Are there any other passages that sum up Lent better than these words from Paul? As I have noted before, this is like drinking from the proverbial fire hose. In verse after verse Paul scales ever higher theological heights and ever grander rhetorical flourishes as he stares, mouth agape, at the mysteries of God that all coalesce around the cross of Jesus Christ. Few passages in Scripture so swiftly capture the weird logic, the majestic reversal that just is the Gospel of Christ Jesus and its message on how it is that the universe gets saved.

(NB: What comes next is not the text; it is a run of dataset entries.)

lemma tensor_mat_mult:
  assumes A: "A \<in> carrier_mat n1 k1" and C: "C \<in> carrier_mat k1 m1"
    and B: "B \<in> carrier_mat n2 k2" and D: "D \<in> carrier_mat k2 m2"
  shows "tensor_mat A B * tensor_mat C D = tensor_mat (A * C) (B * D)"
proof (rule eq_matI)
  fix x y assume "x < dim_row (tensor_mat (A * C) (B * D))" "y < dim_col (tensor_mat (A * C) (B * D))"
  then have x: "x < n1 * n2" and y: "y < m1 * m2" using A B C D by auto
  note xy = div_mod_less_mult[OF x] div_mod_less_mult[OF y]
  have "(tensor_mat A B * tensor_mat C D) $$ (x, y) =
    (\<Sum>z<k1 * k2. tensor_mat A B $$ (x, z) * tensor_mat C D $$ (z, y))"
    using A B C D x y by (intro index_mult_mat_sum[of _ "n1 * n2" "k1 * k2" _ "m1 * m2"]) auto
  also have "\<dots> = (\<Sum>a<k1. \<Sum>b<k2. (A $$ (x div n2, a) * C $$ (a, y div m2)) *
      (B $$ (x mod n2, b) * D $$ (b, y mod m2)))"
    unfolding sum_lessThan_mult_split
  proof (intro sum.cong refl)
    fix a b assume "a \<in> {..<k1}" "b \<in> {..<k2}"
    then have "a * k2 + b < k1 * k2" "b < k2" by (simp_all add: mult_add_less_mult)
    then show "tensor_mat A B $$ (x, a * k2 + b) * tensor_mat C D $$ (a * k2 + b, y) =
      (A $$ (x div n2, a) * C $$ (a, y div m2)) * (B $$ (x mod n2, b) * D $$ (b, y mod m2))"
      using A B C D x y by (simp add: ac_simps)
  qed
  also have "\<dots> = (A * C) $$ (x div n2, y div m2) * (B * D) $$ (x mod n2, y mod m2)"
    using xy by (simp add: index_mult_mat_sum[OF A C] index_mult_mat_sum[OF B D] sum_product
        del: index_mult_mat(1))
  finally show "(tensor_mat A B * tensor_mat C D) $$ (x, y) = tensor_mat (A * C) (B * D) $$ (x, y)"
    using A B C D x y by simp
qed (use A B C D in auto)

lemma mat_adjoint_tensor_mat: "mat_adjoint (tensor_mat A B) = tensor_mat (mat_adjoint A) (mat_adjoint B)"
proof (rule eq_matI)
  fix x y assume "x < dim_row (tensor_mat (mat_adjoint A) (mat_adjoint B))"
    "y < dim_col (tensor_mat (mat_adjoint A) (mat_adjoint B))"
  then have x: "x < dim_col A * dim_col B" and y: "y < dim_row A * dim_row B" by auto
  then show "mat_adjoint (tensor_mat A B) $$ (x, y) = tensor_mat (mat_adjoint A) (mat_adjoint B) $$ (x, y)"
    using div_mod_less_mult[OF x] div_mod_less_mult[OF y] by simp
qed auto

lemma tensor_mat_one: "tensor_mat (1\<^sub>m a) (1\<^sub>m b) = (1\<^sub>m (a * b) :: complex mat)"
proof (rule eq_matI)
  fix x y assume "x < dim_row (1\<^sub>m (a * b) :: complex mat)" "y < dim_col (1\<^sub>m (a * b) :: complex mat)"
  then have x: "x < a * b" and y: "y < a * b" by auto
  have "x = y \<longleftrightarrow> x div b = y div b \<and> x mod b = y mod b" by (metis div_mult_mod_eq)
  then show "tensor_mat (1\<^sub>m a) (1\<^sub>m b) $$ (x, y) = (1\<^sub>m (a * b) :: complex mat) $$ (x, y)"
    using x y div_mod_less_mult[OF x] div_mod_less_mult[OF y] by simp
qed auto

lemma unitary_tensor_mat:
  assumes U: "unitary_mat a U" and V: "unitary_mat b V"
  shows "unitary_mat (a * b) (tensor_mat U V)"
proof (rule unitary_matI)
  have Uc: "U \<in> carrier_mat a a" and Vc: "V \<in> carrier_mat b b"
    using U V by (simp_all add: unitary_mat_carrier)
  then show "tensor_mat U V \<in> carrier_mat (a * b) (a * b)" by simp
  show "mat_adjoint (tensor_mat U V) * tensor_mat U V = 1\<^sub>m (a * b)"
    unfolding mat_adjoint_tensor_mat
    using tensor_mat_mult[OF mat_adjoint_carrier[OF Uc] Uc mat_adjoint_carrier[OF Vc] Vc]
      unitary_matD(2)[OF U] unitary_matD(2)[OF V] by (simp add: tensor_mat_one)
qed

lemma tensor_real_diag_mat:
  "tensor_mat (real_diag_mat a f) (real_diag_mat b g) = real_diag_mat (a * b) (\<lambda>x. f (x div b) * g (x mod b))"
proof (rule eq_matI)
  fix x y assume "x < dim_row (real_diag_mat (a * b) (\<lambda>x. f (x div b) * g (x mod b)))"
    "y < dim_col (real_diag_mat (a * b) (\<lambda>x. f (x div b) * g (x mod b)))"
  then have x: "x < a * b" and y: "y < a * b" by auto
  have "x = y \<longleftrightarrow> x div b = y div b \<and> x mod b = y mod b" by (metis div_mult_mod_eq)
  then show "tensor_mat (real_diag_mat a f) (real_diag_mat b g) $$ (x, y) =
      real_diag_mat (a * b) (\<lambda>x. f (x div b) * g (x mod b)) $$ (x, y)"
    using x y div_mod_less_mult[OF x] div_mod_less_mult[OF y] by auto
qed auto

lemma ptrace2_real_diag_mat:
  "ptrace2 d c (real_diag_mat (d * c) f) = real_diag_mat d (\<lambda>a. \<Sum>b<c. f (a * c + b))"
proof (rule eq_matI)
  fix a a' assume "a < dim_row (real_diag_mat d (\<lambda>a. \<Sum>b<c. f (a * c + b)))"
    "a' < dim_col (real_diag_mat d (\<lambda>a. \<Sum>b<c. f (a * c + b)))"
  then have a: "a < d" and a': "a' < d" by auto
  have "ptrace2 d c (real_diag_mat (d * c) f) $$ (a, a') =
    (\<Sum>b<c. real_diag_mat (d * c) f $$ (a * c + b, a' * c + b))"
    unfolding ptrace2_def using a a' by simp
  also have "\<dots> = (\<Sum>b<c. if a = a' then complex_of_real (f (a * c + b)) else 0)"
  proof (intro sum.cong refl)
    fix b assume "b \<in> {..<c}"
    then have "a * c + b < d * c" "a' * c + b < d * c" "b < c"
      using a a' by (simp_all add: mult_add_less_mult)
    then show "real_diag_mat (d * c) f $$ (a * c + b, a' * c + b) =
      (if a = a' then complex_of_real (f (a * c + b)) else 0)" by auto
  qed
  finally show "ptrace2 d c (real_diag_mat (d * c) f) $$ (a, a') =
      real_diag_mat d (\<lambda>a. \<Sum>b<c. f (a * c + b)) $$ (a, a')"
    using a a' by (cases "a = a'") simp_all
qed (auto simp: ptrace2_def)

section \<open>The concentration code\<close>

lemma tensor_eigenbasis_conj:
  fixes c :: nat
  assumes V: "unitary_mat d V"
  defines "W \<equiv> tensor_mat (mat_adjoint V) (1\<^sub>m c)"
  shows "W * tensor_mat (V * real_diag_mat d f * mat_adjoint V) (ket0bra0 c) * mat_adjoint W =
    real_diag_mat (d * c) (\<lambda>x. if x mod c = 0 then f (x div c) else 0)"
proof -
  have Vc: "V \<in> carrier_mat d d" by (rule unitary_matD[OF V])
  let ?K = "real_diag_mat c (\<lambda>i. if i = 0 then 1 else 0)"
  have "W * tensor_mat (V * real_diag_mat d f * mat_adjoint V) ?K * mat_adjoint W =
    tensor_mat (mat_adjoint V * (V * real_diag_mat d f * mat_adjoint V) * V) (1\<^sub>m c * ?K * 1\<^sub>m c)"
    unfolding W_def mat_adjoint_tensor_mat
    using tensor_mat_mult[OF mat_adjoint_carrier[OF Vc] conj_real_diag_mat_carrier[OF Vc] one_carrier_mat
        real_diag_mat_carrier]
      tensor_mat_mult[OF mult_carrier_mat[OF mat_adjoint_carrier[OF Vc] conj_real_diag_mat_carrier[OF Vc]]
        Vc mult_carrier_mat[OF one_carrier_mat real_diag_mat_carrier] one_carrier_mat]
    by simp
  also have "\<dots> = real_diag_mat (d * c) (\<lambda>x. if x mod c = 0 then f (x div c) else 0)"
    unfolding adjoint_conj_real_diag_mat[OF V] left_mult_one_mat[OF real_diag_mat_carrier]
      right_mult_one_mat[OF real_diag_mat_carrier] tensor_real_diag_mat
    by (intro real_diag_mat_cong) simp
  finally show ?thesis unfolding ket0bra0_eq_real_diag_mat .
qed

(By the way, this commentary is substantially the same as one posted on these same verses a year ago when in late-January 2017 these verses were assigned. So if this sounds familiar, you maybe had looked at this sermon commentary back then!)
No one saw this coming. The world has its standards. The world knows what is strong and what is weak, what is effective and what is ineffectual. The world has defined intelligence and wisdom and can identify them when it sees them. The world has likewise defined stupidity and foolishness and can spy those things pretty readily too. History teaches us who comes out on top. It’s a dog eat dog world. Only the strong make it to the top. Had Paul known of Mr. Darwin, he would have pointed to the “survival of the fittest” that defines all progress on planet earth. These are things the world knows well.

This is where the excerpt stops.